■ Work request
What is needed here is an exact copy of all the records below.

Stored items
------------------------

lemma rank_one_decomposable_add:
  "rank_one_decomposable M1 M2 X \<Longrightarrow> rank_one_decomposable M1 M2 Y \<Longrightarrow>
    rank_one_decomposable M1 M2 (X + Y)"
  unfolding rank_one_decomposable_def by (metis Un_iff outer_sum_append set_append)

lemma rank_one_decomposable_scaleR:
  assumes "0 \<le> c" "rank_one_decomposable M1 M2 X"
  shows "rank_one_decomposable M1 M2 (c *\<^sub>R X)"
proof -
  obtain ys where "X = outer_sum ys" "\<forall>y\<in>set ys. 0 \<le> quad M1 y \<and> 0 \<le> quad M2 y"
    using assms(2) by (auto simp: rank_one_decomposable_def)
  moreover have "c *\<^sub>R outer_sum ys = outer_sum (map ((*\<^sub>R) (sqrt c)) ys)"
    using assms(1) by (simp add: outer_sum_map_scaleR)
  ultimately show ?thesis
    unfolding rank_one_decomposable_def
    by (intro exI[of _ "map ((*\<^sub>R) (sqrt c)) ys"]) auto
qed

lemma convex_rank_one_decomposable: "convex {X. rank_one_decomposable M1 M2 X}"
  by (rule convexI) (simp add: rank_one_decomposable_add rank_one_decomposable_scaleR)

lemma cone_S2_rank_one: "cone (S2 M1 M2 \<inter> {outer x x | x. True})"
proof (unfold cone_def, intro ballI allI impI)
  fix z and c :: real
  assume "z \<in> S2 M1 M2 \<inter> {outer x x | x. True}" "0 \<le> c"
  then obtain x where "z = outer x x" "0 \<le> quad M1 x" "0 \<le> quad M2 x"
    by (auto simp: S2_def)
  moreover have "c *\<^sub>R z = outer (sqrt c *\<^sub>R x) (sqrt c *\<^sub>R x)"
    using \<open>0 \<le> c\<close> \<open>z = outer x x\<close> by (simp add: outer_scaleR_self)
  ultimately show "c *\<^sub>R z \<in> S2 M1 M2 \<inter> {outer x x | x. True}"
    using \<open>0 \<le> c\<close> by (auto simp: S2_def psd_outer_self)
qed

lemma convex_S2: "convex (S2 M1 M2)"
  by (rule convexI) (auto simp: S2_def psd_iff_quad intro!: sym_mat_add sym_mat_scaleR)

lemma convex_hull_S2_rank_one_decomposable:
  "convex hull (S2 M1 M2 \<inter> {outer x x | x. True}) \<subseteq> {X. rank_one_decomposable M1 M2 X}"
proof (rule hull_minimal)
  show "S2 M1 M2 \<inter> {outer x x | x. True} \<subseteq> {X. rank_one_decomposable M1 M2 X}"
  proof
    fix z assume "z \<in> S2 M1 M2 \<inter> {outer x x | x. True}"
    then obtain x where "z = outer_sum [x]" "0 \<le> quad M1 x" "0 \<le> quad M2 x"
      by (auto simp: S2_def)
    then show "z \<in> {X. rank_one_decomposable M1 M2 X}"
      unfolding rank_one_decomposable_def by fastforce
  qed
qed (rule convex_rank_one_decomposable)

lemma outer_sum_in_convex_hull_S2:
  assumes "\<forall>y\<in>set ys. 0 \<le> quad M1 y \<and> 0 \<le> quad M2 y"
  shows "outer_sum ys \<in> convex hull (S2 M1 M2 \<inter> {outer x x | x. True})"
  using assms
proof (induction ys)
  let ?T = "S2 M1 M2 \<inter> {outer x x | x. True}"
  case Nil
  have "outer 0 0 \<in> ?T"
    by (auto simp: S2_def psd_outer_self simp del: outer_zero_left)
  then have "outer 0 0 \<in> convex hull ?T"
    by (rule hull_inc)
  then show ?case
    by simp
next
  let ?T = "S2 M1 M2 \<inter> {outer x x | x. True}"
  case (Cons y ys)
  then have "outer y y \<in> convex hull ?T"
    by (auto simp: S2_def psd_outer_self intro: hull_inc)
  moreover have "outer_sum ys \<in> convex hull ?T"
    using Cons by simp
  ultimately show ?case
    using convex_cone cone_convex_hull[OF cone_S2_rank_one] convex_convex_hull
    unfolding outer_sum_Cons by blast
qed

------------------------

■ Expected answer
lemma rank_one_decomposable_add:
  "rank_one_decomposable M1 M2 X \<Longrightarrow> rank_one_decomposable M1 M2 Y \<Longrightarrow>
    rank_one_decomposable M1 M2 (X + Y)"
  unfolding rank_one_decomposable_def by (metis Un_iff outer_sum_append set_append)

lemma rank_one_decomposable_scaleR:
  assumes "0 \<le> c" "rank_one_decomposable M1 M2 X"
  shows "rank_one_decomposable M1 M2 (c *\<^sub>R X)"
proof -
  obtain ys where "X = outer_sum ys" "\<forall>y\<in>set ys. 0 \<le> quad M1 y \<and> 0 \<le> quad M2 y"
    using assms(2) by (auto simp: rank_one_decomposable_def)
  moreover have "c *\<^sub>R outer_sum ys = outer_sum (map ((*\<^sub>R) (sqrt c)) ys)"
    using assms(1) by (simp add: outer_sum_map_scaleR)
  ultimately show ?thesis
    unfolding rank_one_decomposable_def
    by (intro exI[of _ "map ((*\<^sub>R) (sqrt c)) ys"]) auto
qed

lemma convex_rank_one_decomposable: "convex {X. rank_one_decomposable M1 M2 X}"
  by (rule convexI) (simp add: rank_one_decomposable_add rank_one_decomposable_scaleR)

lemma cone_S2_rank_one: "cone (S2 M1 M2 \<inter> {outer x x | x. True})"
proof (unfold cone_def, intro ballI allI impI)
  fix z and c :: real
  assume "z \<in> S2 M1 M2 \<inter> {outer x x | x. True}" "0 \<le> c"
  then obtain x where "z = outer x x" "0 \<le> quad M1 x" "0 \<le> quad M2 x"
    by (auto simp: S2_def)
  moreover have "c *\<^sub>R z = outer (sqrt c *\<^sub>R x) (sqrt c *\<^sub>R x)"
    using \<open>0 \<le> c\<close> \<open>z = outer x x\<close> by (simp add: outer_scaleR_self)
  ultimately show "c *\<^sub>R z \<in> S2 M1 M2 \<inter> {outer x x | x. True}"
    using \<open>0 \<le> c\<close> by (auto simp: S2_def psd_outer_self)
qed

lemma convex_S2: "convex (S2 M1 M2)"
  by (rule convexI) (auto simp: S2_def psd_iff_quad intro!: sym_mat_add sym_mat_scaleR)

lemma convex_hull_S2_rank_one_decomposable:
  "convex hull (S2 M1 M2 \<inter> {outer x x | x. True}) \<subseteq> {X. rank_one_decomposable M1 M2 X}"
proof (rule hull_minimal)
  show "S2 M1 M2 \<inter> {outer x x | x. True} \<subseteq> {X. rank_one_decomposable M1 M2 X}"
  proof
    fix z assume "z \<in> S2 M1 M2 \<inter> {outer x x | x. True}"
    then obtain x where "z = outer_sum [x]" "0 \<le> quad M1 x" "0 \<le> quad M2 x"
      by (auto simp: S2_def)
    then show "z \<in> {X. rank_one_decomposable M1 M2 X}"
      unfolding rank_one_decomposable_def by fastforce
  qed
qed (rule convex_rank_one_decomposable)

lemma outer_sum_in_convex_hull_S2:
  assumes "\<forall>y\<in>set ys. 0 \<le> quad M1 y \<and> 0 \<le> quad M2 y"
  shows "outer_sum ys \<in> convex hull (S2 M1 M2 \<inter> {outer x x | x. True})"
  using assms
proof (induction ys)
  let ?T = "S2 M1 M2 \<inter> {outer x x | x. True}"
  case Nil
  have "outer 0 0 \<in> ?T"
    by (auto simp: S2_def psd_outer_self simp del: outer_zero_left)
  then have "outer 0 0 \<in> convex hull ?T"
    by (rule hull_inc)
  then show ?case
    by simp
next
  let ?T = "S2 M1 M2 \<inter> {outer x x | x. True}"
  case (Cons y ys)
  then have "outer y y \<in> convex hull ?T"
    by (auto simp: S2_def psd_outer_self intro: hull_inc)
  moreover have "outer_sum ys \<in> convex hull ?T"
    using Cons by simp
  ultimately show ?case
    using convex_cone cone_convex_hull[OF cone_S2_rank_one] convex_convex_hull
    unfolding outer_sum_Cons by blast
qed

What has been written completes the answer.